## Hierarchical Topic Models

We have two types of hierarchical topic models: **HTM-WS** and **HTM-DS**. These models involve the user in deciding which topics need to be split further. Instead of automatically creating subtopics for every topic, the user can inspect the initial model and choose which topics to expand. This approach makes it easier to incorporate expert knowledge into the model.

Both methods start with a first-level (L1) topic model and then build the second level by focusing on one of the L1 topics. Here's how they work:

- **HTM-WS**: Creates new documents by keeping only the words related to the chosen topic.
- **HTM-DS**: Keeps only the documents where the chosen topic is a major part.

The main difference is:

- **HTM-WS** assigns each word to just one subtopic, giving a clear, detailed breakdown of topics.
- **HTM-DS** allows different full documents to be included in different submodels, which can be useful for understanding how entire documents fit into subtopics.

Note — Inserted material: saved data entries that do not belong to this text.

text \<open>The matrix of multiplication by \<open>a\<close> on \<open>F[X]/(f)\<close> in the monomial basis.\<close>

definition mult_matrix :: "'F::field poly \<Rightarrow> 'F poly \<Rightarrow> nat \<Rightarrow> nat \<Rightarrow> 'F" where
  "mult_matrix f a i k = coeff ((a * monom 1 i) mod f) k"

lemma coeff_mult_mod:
  fixes f a :: "'F::field poly"
  shows "coeff ((a * [:x0, x1, x2:]) mod f) k
           = x0 * mult_matrix f a 0 k + x1 * mult_matrix f a 1 k + x2 * mult_matrix f a 2 k"
proof -
  have "[:x0, x1, x2:] = smult x0 (monom 1 0) + smult x1 (monom 1 1) + smult x2 (monom 1 2)"
    by (rule poly_eqI) (simp add: coeff_pCons coeff_monom split: nat.split)
  then have "a * [:x0, x1, x2:]
      = smult x0 (a * monom 1 0) + smult x1 (a * monom 1 1) + smult x2 (a * monom 1 2)"
    by (simp add: algebra_simps)
  then show ?thesis by (simp add: mult_matrix_def poly_mod_add_left mod_smult_left)
qed

text \<open>\<open>F[X]/(f)\<close> is a field, so \<open>(a - a') x \<equiv> 0\<close> forces \<open>x \<equiv> 0\<close>.\<close>

lemma mult_matrix_diff_nonsingular:
  fixes f a a' :: "'F::field poly"
  assumes f: "degree f = 3" "irreducible f"
    and a: "degree a < 3" "degree a' < 3" "a \<noteq> a'"
    and eq: "\<forall>k<3. x0 * mult_matrix f a 0 k + x1 * mult_matrix f a 1 k + x2 * mult_matrix f a 2 k
                  = x0 * mult_matrix f a' 0 k + x1 * mult_matrix f a' 1 k + x2 * mult_matrix f a' 2 k"
  shows "x0 = 0 \<and> x1 = 0 \<and> x2 = 0"
proof -
  define x where "x = [:x0, x1, x2:]"
  have f0: "f \<noteq> 0" using f by auto
  have "(a * x) mod f = (a' * x) mod f"
  proof (rule poly_eqI)
    fix k
    show "coeff ((a * x) mod f) k = coeff ((a' * x) mod f) k"
    proof (cases "k < 3")
      case True
      then show ?thesis using eq unfolding x_def coeff_mult_mod by blast
    next
      case False
      have "degree ((b * x) mod f) < k" for b
        using degree_mod_less[OF f0, of "b * x"] f(1) False by (cases "(b * x) mod f = 0") auto
      then show ?thesis by (simp add: coeff_eq_0)
    qed
  qed
  then have "f dvd (a - a') * x" by (simp add: mod_eq_dvd_iff left_diff_distrib)
  moreover have "\<not> f dvd (a - a')"
    using dvd_imp_degree_le[of f "a - a'"] degree_diff_le_max[of a a'] a f by auto
  ultimately have "f dvd x"
    using prime_elem_dvd_mult_iff[OF field_poly_irreducible_imp_prime[OF f(2)]] by blast
  moreover have "degree x < 3" by (simp add: x_def)
  ultimately have "x = 0" using dvd_imp_degree_le[of f x] f by force
  then show ?thesis by (simp add: x_def)
qed

section \<open>A spread of planes in a 6-space\<close>

lemma list_length_6E:
  assumes "length bs = 6"
  obtains b0 b1 b2 b3 b4 b5 where "bs = [b0, b1, b2, b3, b4, b5]"
  using assms by (auto simp: numeral_eq_Suc length_Suc_conv)

lemma span_3: "vec.span {u0, u1, u2} = {x0 *s u0 + x1 *s u1 + x2 *s u2 | x0 x1 x2. True}"
proof (intro equalityI subsetI)
  fix v assume "v \<in> vec.span {u0, u1, u2}"
  then obtain x0 x1 x2 where "v - x0 *s u0 - x1 *s u1 - x2 *s u2 \<in> vec.span {}"
    by (auto simp: vec.span_insert[of _ "{_, _}"] vec.span_insert[of _ "{_}"] vec.span_insert[of _ "{}"]
        simp del: vec.span_empty)
  then have "v = x0 *s u0 + x1 *s u1 + x2 *s u2" by (simp add: vec.span_empty algebra_simps)
  then show "v \<in> {x0 *s u0 + x1 *s u1 + x2 *s u2 | x0 x1 x2. True}" by blast
qed (auto simp: vec.span_add vec.span_scale vec.span_base)

lemma independent_list_6_coeffs_eq_0:
  assumes "independent_list [b0, b1, b2, b3, b4, b5 :: 'F::field^'n]"
    and "c0 *s b0 + c1 *s b1 + c2 *s b2 + c3 *s b3 + c4 *s b4 + c5 *s b5 = 0"
  shows "c0 = 0 \<and> c1 = 0 \<and> c2 = 0 \<and> c3 = 0 \<and> c4 = 0 \<and> c5 = 0"
proof -
  have distinct: "distinct [b0, b1, b2, b3, b4, b5]"
    and indep: "vec.independent {b0, b1, b2, b3, b4, b5}"
    using assms(1) by (auto simp: independent_list_def)
  define u where "u = (\<lambda>v. if v = b0 then c0 else if v = b1 then c1 else if v = b2 then c2
     else if v = b3 then c3 else if v = b4 then c4 else c5)"
  have "(\<Sum>v\<in>{b0, b1, b2, b3, b4, b5}. u v *s v)
      = c0 *s b0 + c1 *s b1 + c2 *s b2 + c3 *s b3 + c4 *s b4 + c5 *s b5"
    using distinct by (auto simp: u_def algebra_simps)
  then have "\<forall>v\<in>{b0, b1, b2, b3, b4, b5}. u v = 0"
    using indep assms(2) unfolding vec.independent_explicit by auto
  then show ?thesis using distinct by (auto simp: u_def split: if_splits)
qed

text \<open>In coordinates \<open>(x, y) \<in> F\<^sup>3 \<times> F\<^sup>3\<close> with respect to an ordered basis, the leading
  plane of \<open>shear M bs\<close> is the graph \<open>y = x M\<close>, and that of \<open>swap_halves bs\<close> is \<open>x = 0\<close>.\<close>

definition shear :: "(nat \<Rightarrow> nat \<Rightarrow> 'F::field) \<Rightarrow> ('F^'n) list \<Rightarrow> ('F^'n) list" where
  "shear M bs = [bs!0 + M 0 0 *s bs!3 + M 0 1 *s bs!4 + M 0 2 *s bs!5,
                 bs!1 + M 1 0 *s bs!3 + M 1 1 *s bs!4 + M 1 2 *s bs!5,
                 bs!2 + M 2 0 *s bs!3 + M 2 1 *s bs!4 + M 2 2 *s bs!5,
                 bs!3, bs!4, bs!5]"

definition swap_halves :: "'a list \<Rightarrow> 'a list" where
  "swap_halves xs = drop 3 xs @ take 3 xs"

definition plane_of :: "('F::field^'n) list \<Rightarrow> ('F^'n) set" where
  "plane_of bs = vec.span (set (take 3 bs))"

lemma length_shear [simp]: "length (shear M bs) = 6"
  by (simp add: shear_def)

lemma set_shear_subset_span: "length bs = 6 \<Longrightarrow> set (shear M bs) \<subseteq> vec.span (set bs)"
  by (elim list_length_6E) (simp add: shear_def vec.span_add vec.span_scale vec.span_base)

lemma shear_shear_uminus: "length bs = 6 \<Longrightarrow> shear (\<lambda>i k. - M i k) (shear M bs) = bs"
  by (elim list_length_6E) (simp add: shear_def vec.scale_minus_left)

lemma shear_in_ordered_bases:
  assumes H: "vec.subspace H" "vec.dim H = 6" and bs: "bs \<in> ordered_bases H"
  shows "shear M bs \<in> ordered_bases H"
proof (rule ordered_basisI)
  have length: "length bs = 6" using bs H by (simp add: ordered_bases_def)
  show "length (shear M bs) = vec.dim H" using H by simp
  show "set (shear M bs) \<subseteq> H"
    using set_shear_subset_span[OF length] span_ordered_basis[OF H(1) bs] by simp
  have "set bs \<subseteq> vec.span (set (shear M bs))"
    using set_shear_subset_span[of "shear M bs" "\<lambda>i k. - M i k"] shear_shear_uminus[OF length]
    by simp
  then show "H \<subseteq> vec.span (set (shear M bs))"
    using span_ordered_basis[OF H(1) bs] vec.span_mono vec.span_span by metis
qed

lemma bij_betw_shear:
  assumes "vec.subspace H" "vec.dim H = 6"
  shows "bij_betw (shear M) (ordered_bases H) (ordered_bases H)"
proof (rule bij_betw_byWitness[where f' = "shear (\<lambda>i k. - M i k)"])
  show "\<forall>bs\<in>ordered_bases H. shear (\<lambda>i k. - M i k) (shear M bs) = bs"
    "\<forall>bs\<in>ordered_bases H. shear M (shear (\<lambda>i k. - M i k) bs) = bs"
    using assms shear_shear_uminus[of _ M] shear_shear_uminus[of _ "\<lambda>i k. - M i k"]
    by (auto simp: ordered_bases_def)
qed (use shear_in_ordered_bases[OF assms] in blast)+

lemma bij_betw_swap_halves:
  assumes "vec.dim H = 6"
  shows "bij_betw swap_halves (ordered_bases H) (ordered_bases H)"
proof -
  have "swap_halves (swap_halves bs) = bs" "swap_halves bs \<in> ordered_bases H"
    if "bs \<in> ordered_bases H" for bs
    using that assms
    by (auto simp: ordered_bases_def independent_list_def swap_halves_def elim!: list_length_6E)
  then show ?thesis by (intro bij_betw_byWitness[where f' = swap_halves]) auto
qed

lemma plane_of_shear_memE:
  assumes "v \<in> plane_of (shear M [b0, b1, b2, b3, b4, b5])"
  obtains x0 x1 x2 where "v = x0 *s (b0 + M 0 0 *s b3 + M 0 1 *s b4 + M 0 2 *s b5)
       + x1 *s (b1 + M 1 0 *s b3 + M 1 1 *s b4 + M 1 2 *s b5)
       + x2 *s (b2 + M 2 0 *s b3 + M 2 1 *s b4 + M 2 2 *s b5)"
proof -
  have set_eq: "set (take 3 (shear M [b0, b1, b2, b3, b4, b5]))
      = {b0 + M 0 0 *s b3 + M 0 1 *s b4 + M 0 2 *s b5, b1 + M 1 0 *s b3 + M 1 1 *s b4 + M 1 2 *s b5,
         b2 + M 2 0 *s b3 + M 2 1 *s b4 + M 2 2 *s b5}"
    by (simp add: shear_def)
  show ?thesis using assms that unfolding plane_of_def set_eq span_3 by blast
qed

lemma plane_of_shear_Int_swap_halves:
  assumes "independent_list bs" "length bs = 6"
  shows "plane_of (shear M bs) \<inter> plane_of (swap_halves bs) = {0}"
proof -
  obtain b0 b1 b2 b3 b4 b5 where bs: "bs = [b0, b1, b2, b3, b4, b5]"
    using assms(2) by (rule list_length_6E)
  have "v = 0" if v1: "v \<in> plane_of (shear M bs)" and v2: "v \<in> plane_of (swap_halves bs)" for v
  proof -
    obtain x0 x1 x2 where x: "v = x0 *s (b0 + M 0 0 *s b3 + M 0 1 *s b4 + M 0 2 *s b5)
       + x1 *s (b1 + M 1 0 *s b3 + M 1 1 *s b4 + M 1 2 *s b5)
       + x2 *s (b2 + M 2 0 *s b3 + M 2 1 *s b4 + M 2 2 *s b5)"
      using v1 unfolding bs by (rule plane_of_shear_memE)
    obtain y0 y1 y2 where y: "v = y0 *s b3 + y1 *s b4 + y2 *s b5"
      using v2 unfolding plane_of_def bs swap_halves_def by (auto simp: span_3)
    have "x0 *s b0 + x1 *s b1 + x2 *s b2
      + (x0 * M 0 0 + x1 * M 1 0 + x2 * M 2 0 - y0) *s b3
      + (x0 * M 0 1 + x1 * M 1 1 + x2 * M 2 1 - y1) *s b4
      + (x0 * M 0 2 + x1 * M 1 2 + x2 * M 2 2 - y2) *s b5 = v - v"
      by (subst (2) y, subst x) (simp add: vec_eq_iff algebra_simps)
    then have "x0 = 0 \<and> x1 = 0 \<and> x2 = 0"
      using independent_list_6_coeffs_eq_0 assms(1) unfolding bs diff_self by blast
    then show "v = 0" using x by simp
  qed
  then show ?thesis by (auto simp: plane_of_def vec.span_zero)
qed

In short, **HTM-WS** provides a detailed and precise breakdown of topics, while **HTM-DS** offers a way to explore how entire documents relate to subtopics, even if it's less precise.

In [39]:
import pathlib
import gzip
from termcolor import colored
import pandas as pd
import sys
import os
import time

sys.path.append(os.path.abspath(os.path.join(os.getcwd(), '../../..')))
print(os.path.abspath(os.path.join(os.getcwd(), '../../..')))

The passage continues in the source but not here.